When modelling a GAM model using
mgcvin R, we need to define the
family =. I tried some families (e.g., Gaussian, Gamma), R seems to build them all successfully. Does there some guildlines about how to choose the appropriate “family”?
Here is an example of what I mean by “outcome conditioned on the covariate”.
I want to do a linear regression. I have a continuous outcome and I am regressing it on a binary variable. This is equivalent to a t-test, but let’s pretend we don’t know that.
What most people do is look at the marginal distribution of the data. This is equivalent to plotting histogram of the outcome variable. Let’s look at that now
Ew, gross, this is bimodal. Linear regression assumes the outcome is normally distributed, right? We can’t use linear regression on this!
…or can we? Here is the output of a linear model fit the this data.
Call: lm(formula = y ~ x, data = d) Residuals: Min 1Q Median 3Q Max -7.3821 -1.7504 -0.0194 1.7190 7.8183 Coefficients: Estimate Std.
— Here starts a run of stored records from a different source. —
section \<open>Compact operators on L1\<close>

definition L1_image_totally_bounded :: "'a measure \<Rightarrow> (('a \<Rightarrow> real) \<Rightarrow> ('a \<Rightarrow> real)) \<Rightarrow> bool" where
  "L1_image_totally_bounded M K \<longleftrightarrow>
     (\<forall>e>0. \<exists>G. finite G \<and> (\<forall>g\<in>G. integrable M g) \<and>
        (\<forall>f. integrable M f \<and> L1norm M f \<le> 1 \<longrightarrow> (\<exists>g\<in>G. L1norm M (\<lambda>x. K f x - g x) < e)))"

lemma compact_L1_operator_iff:
  "compact_L1_operator M K \<longleftrightarrow> L1_operator M K \<and> L1_image_totally_bounded M K"
  unfolding compact_L1_operator_def L1_image_totally_bounded_def ..

lemma L1_image_totally_bounded_zero: "L1_image_totally_bounded M (\<lambda>f x. 0)"
  unfolding L1_image_totally_bounded_def L1norm_def
  by (intro allI impI exI[of _ "{\<lambda>x. 0}"]) auto
text \<open>On the invariant set \<open>D\<close> where the Birkhoff sums of \<open>h\<close> are unbounded above, some sum
  is positive, so the maximal ergodic lemma applies to \<open>h\<close> restricted to \<open>D\<close>.\<close>
lemma integral_nonneg_on_birkhoff_sum_unbounded:
  fixes h :: "_ \<Rightarrow> real"
  assumes T: "measure_preserving_map M T" and h: "integrable M h"
    and D: "D = {x\<in>space M. \<not> (\<exists>C. \<forall>n. birkhoff_sum T h n x \<le> C)}"
  shows "0 \<le> (\<integral>x. indicator D x * h x \<partial>M)"
proof (rule integral_nonneg_if_birkhoff_sum_pos[OF T])
  have Tm: "T \<in> M \<rightarrow>\<^sub>M M" using T unfolding measure_preserving_map_def by blast
  have D_sets: "D \<in> sets M" using sets_birkhoff_sum_unbounded[OF Tm D] h by auto
  show "integrable M (\<lambda>x. indicator D x * h x)"
    using integrable_mult_indicator[OF D_sets h] by simp
  have "\<exists>n. 0 < birkhoff_sum T (\<lambda>x. indicator D x * h x) n x" if x: "x \<in> D" for x
  proof -
    have "(T ^^ i) x \<in> D" for i
      by (induction i) (use x birkhoff_sum_unbounded_invariant[OF Tm D] in auto)
    then have "birkhoff_sum T (\<lambda>x. indicator D x * h x) n x = birkhoff_sum T h n x" for n
      unfolding birkhoff_sum_def by simp
    moreover have "\<not> (\<forall>n. birkhoff_sum T h n x \<le> 0)"
      using x unfolding D by blast
    then obtain n where "0 < birkhoff_sum T h n x" by (auto simp: not_le)
    ultimately show ?thesis by (intro exI[of _ n]) simp
  qed
  then show "\<exists>n. 0 < birkhoff_sum T (\<lambda>x. indicator D x * h x) n x"
    if "x \<in> space M" "indicator D x * h x \<noteq> 0" for x
    using that by (auto simp: indicator_eq_0_iff)
qed

text \<open>Applied to \<open>h = g - b\<close>: the nonnegative integral \<open>\<integral>\<^sub>D g - b \<mu>(D) = - b \<mu>(D)\<close> forces
  \<open>D\<close> to be null.\<close>
lemma AE_birkhoff_sum_le_linear:
  fixes g :: "_ \<Rightarrow> real"
  assumes M: "prob_space M" and T: "measure_preserving_map M T" and g: "integrable M g"
    and zero: "\<And>A. A \<in> sets M \<Longrightarrow> T -` A \<inter> space M = A \<Longrightarrow> (\<integral>x. indicator A x * g x \<partial>M) = 0"
    and b: "0 < b"
  shows "AE x in M. \<exists>C. \<forall>n. birkhoff_sum T g n x \<le> C + real n * b"
proof -
  interpret prob_space M by (rule M)
  have Tm: "T \<in> M \<rightarrow>\<^sub>M M" using T unfolding measure_preserving_map_def by blast
  define h where "h x = g x - b" for x
  have h: "integrable M h" unfolding h_def using g by auto
  define D where "D = {x\<in>space M. \<not> (\<exists>C. \<forall>n. birkhoff_sum T h n x \<le> C)}"
  have D: "D \<in> sets M" using sets_birkhoff_sum_unbounded[OF Tm D_def] h by auto
  have "0 \<le> (\<integral>x. indicator D x * h x \<partial>M)"
    by (rule integral_nonneg_on_birkhoff_sum_unbounded[OF T h D_def])
  also have "(\<integral>x. indicator D x * h x \<partial>M) = (\<integral>x. indicator D x * g x \<partial>M) - b * measure M D"
  proof -
    have gD: "integrable M (\<lambda>x. indicator D x * g x)"
      using integrable_mult_indicator[OF D g] by simp
    have "integrable M (\<lambda>x. b * indicator D x)"
      using D by (intro integrable_mult_right integrable_real_indicator) (auto simp: less_top[symmetric])
    then show ?thesis
      using gD D by (simp add: h_def right_diff_distrib mult.commute[of _ b])
  qed
  finally have "measure M D = 0"
    using zero[OF D birkhoff_sum_unbounded_invariant[OF Tm D_def]] b measure_nonneg[of M D]
    by (simp add: mult_le_0_iff)
  then have "AE x in M. x \<notin> D"
    using D by (intro AE_not_in) (simp add: emeasure_eq_measure null_sets_def)
  then show ?thesis
  proof (rule AE_mp[OF _ AE_I2], intro impI)
    fix x assume "x \<in> space M" "x \<notin> D"
    then obtain C where "\<And>n. birkhoff_sum T h n x \<le> C" unfolding D_def by blast
    then show "\<exists>C. \<forall>n. birkhoff_sum T g n x \<le> C + real n * b"
      by (intro exI[of _ C]) (simp add: birkhoff_sum_def h_def sum_subtractf algebra_simps)
  qed
qed

lemma tendsto_zero_if_sublinear_bounds:
  fixes s :: "nat \<Rightarrow> real"
  assumes bound: "\<And>m. 0 < m \<Longrightarrow> \<exists>C. \<forall>n. \<bar>s n\<bar> \<le> C + real n / real m"
  shows "(\<lambda>n. s n / real n) \<longlonglongrightarrow> 0"
proof (rule LIMSEQ_I)
  fix r :: real assume r: "0 < r"
  obtain m :: nat where m: "0 < m" "inverse (real m) < r / 2"
    using ex_inverse_of_nat_less[of "r / 2"] r by auto
  obtain C where C: "\<And>n. \<bar>s n\<bar> \<le> C + real n / real m" using bound[OF m(1)] by blast
  obtain N where N: "\<And>n. N \<le> n \<Longrightarrow> \<bar>C / real n\<bar> < r / 2"
    using LIMSEQ_D[OF lim_const_over_n[of C], of "r / 2"] r by auto
  show "\<exists>N. \<forall>n\<ge>N. norm (s n / real n - 0) < r"
  proof (intro exI[of _ "max N 1"] allI impI)
    fix n assume n: "max N 1 \<le> n"
    have "\<bar>s n / real n\<bar> \<le> (C + real n / real m) / real n"
      using C[of n] n by (simp add: abs_div divide_right_mono)
    also have "\<dots> = C / real n + inverse (real m)"
      using n by (simp add: field_simps)
    also have "\<dots> < r" using N[of n] n m(2) by linarith
    finally show "norm (s n / real n - 0) < r" by simp
  qed
qed

lemma birkhoff_sum_uminus: "birkhoff_sum T (\<lambda>x. - f x) n x = - birkhoff_sum T f n x"
  by (simp add: birkhoff_sum_def sum_negf)

lemma birkhoff_average_tendsto_zero:
  fixes g :: "_ \<Rightarrow> real"
  assumes M: "prob_space M" and T: "measure_preserving_map M T" and g: "integrable M g"
    and zero: "\<And>A. A \<in> sets M \<Longrightarrow> T -` A \<inter> space M = A \<Longrightarrow> (\<integral>x. indicator A x * g x \<partial>M) = 0"
  shows "AE x in M. (\<lambda>n. birkhoff_sum T g n x / real n) \<longlonglongrightarrow> 0"
proof -
  have zero': "(\<integral>x. indicator A x * - g x \<partial>M) = 0"
    if "A \<in> sets M" "T -` A \<inter> space M = A" for A
    using zero[OF that] by simp
  have bound: "AE x in M. \<exists>C. \<forall>n. \<bar>birkhoff_sum T g n x\<bar> \<le> C + real n / real m"
    if m: "0 < m" for m :: nat
  proof -
    have b: "0 < 1 / real m" using m by simp
    have "AE x in M. \<exists>C. \<forall>n. birkhoff_sum T g n x \<le> C + real n * (1 / real m)"
      using M T g zero b by (rule AE_birkhoff_sum_le_linear)
    moreover have "AE x in M. \<exists>C. \<forall>n. birkhoff_sum T (\<lambda>x. - g x) n x \<le> C + real n * (1 / real m)"
      using M T integrable_minus[OF g] zero' b by (rule AE_birkhoff_sum_le_linear)
    ultimately show ?thesis
    proof eventually_elim
      case (elim x)
      obtain C1 where C1: "\<And>n. birkhoff_sum T g n x \<le> C1 + real n * (1 / real m)"
        using elim(1) by (elim exE) blast
      obtain C2 where C2: "\<And>n. birkhoff_sum T (\<lambda>x. - g x) n x \<le> C2 + real n * (1 / real m)"
        using elim(2) by (elim exE) blast
      define C where "C = max C1 C2"
      have "C1 \<le> C" "C2 \<le> C" unfolding C_def by simp_all
      have "\<bar>birkhoff_sum T g n x\<bar> \<le> C + real n / real m" for n
      proof -
        have "real n * (1 / real m) = real n / real m" by simp
        then show ?thesis
          using C1[of n] C2[of n] \<open>C1 \<le> C\<close> \<open>C2 \<le> C\<close>
          unfolding birkhoff_sum_uminus abs_le_iff by linarith
      qed
      then show ?case by blast
    qed
  qed
  have "AE x in M. \<forall>m::nat. 0 < m \<longrightarrow> (\<exists>C. \<forall>n. \<bar>birkhoff_sum T g n x\<bar> \<le> C + real n / real m)"
    unfolding AE_all_countable by (intro allI AE_impI bound)
  then show ?thesis
    by eventually_elim (rule tendsto_zero_if_sublinear_bounds, blast)
qed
Error t value Pr(>|t|) (Intercept) 9.8994 0.1111 89.13 <2e-16 *** x 12.0931 0.1588 76.14 <2e-16 *** --- Signif. codes: 0 ‘***’ 0.001 ‘**’ 0.01 ‘*’ 0.05 ‘.’ 0.1 ‘ ’ 1 Residual standard error: 2.511 on 998 degrees of freedom Multiple R-squared: 0.8531, Adjusted R-squared: 0.853 F-statistic: 5797 on 1 and 998 DF, p-value: < 2.2e-16
An incredibly good fit. So what gives?
The plot above is the marginal outcome. Regression, be it linear or otherwise, only cares about the conditional outcome; the distribution of the outcome conditioned on the covariates. Let’s see what happens when I color the observations by the binary variable.
You can see here that the data conditioned on the outcome are normal, and hence fit into linear regression’s assumptions.
So when I say “think about the outcome conditioned on covariates” what I am really asking you to do is to think about a particular set of covariates and think about the distribution of outcomes from those covariates. That will determine the family.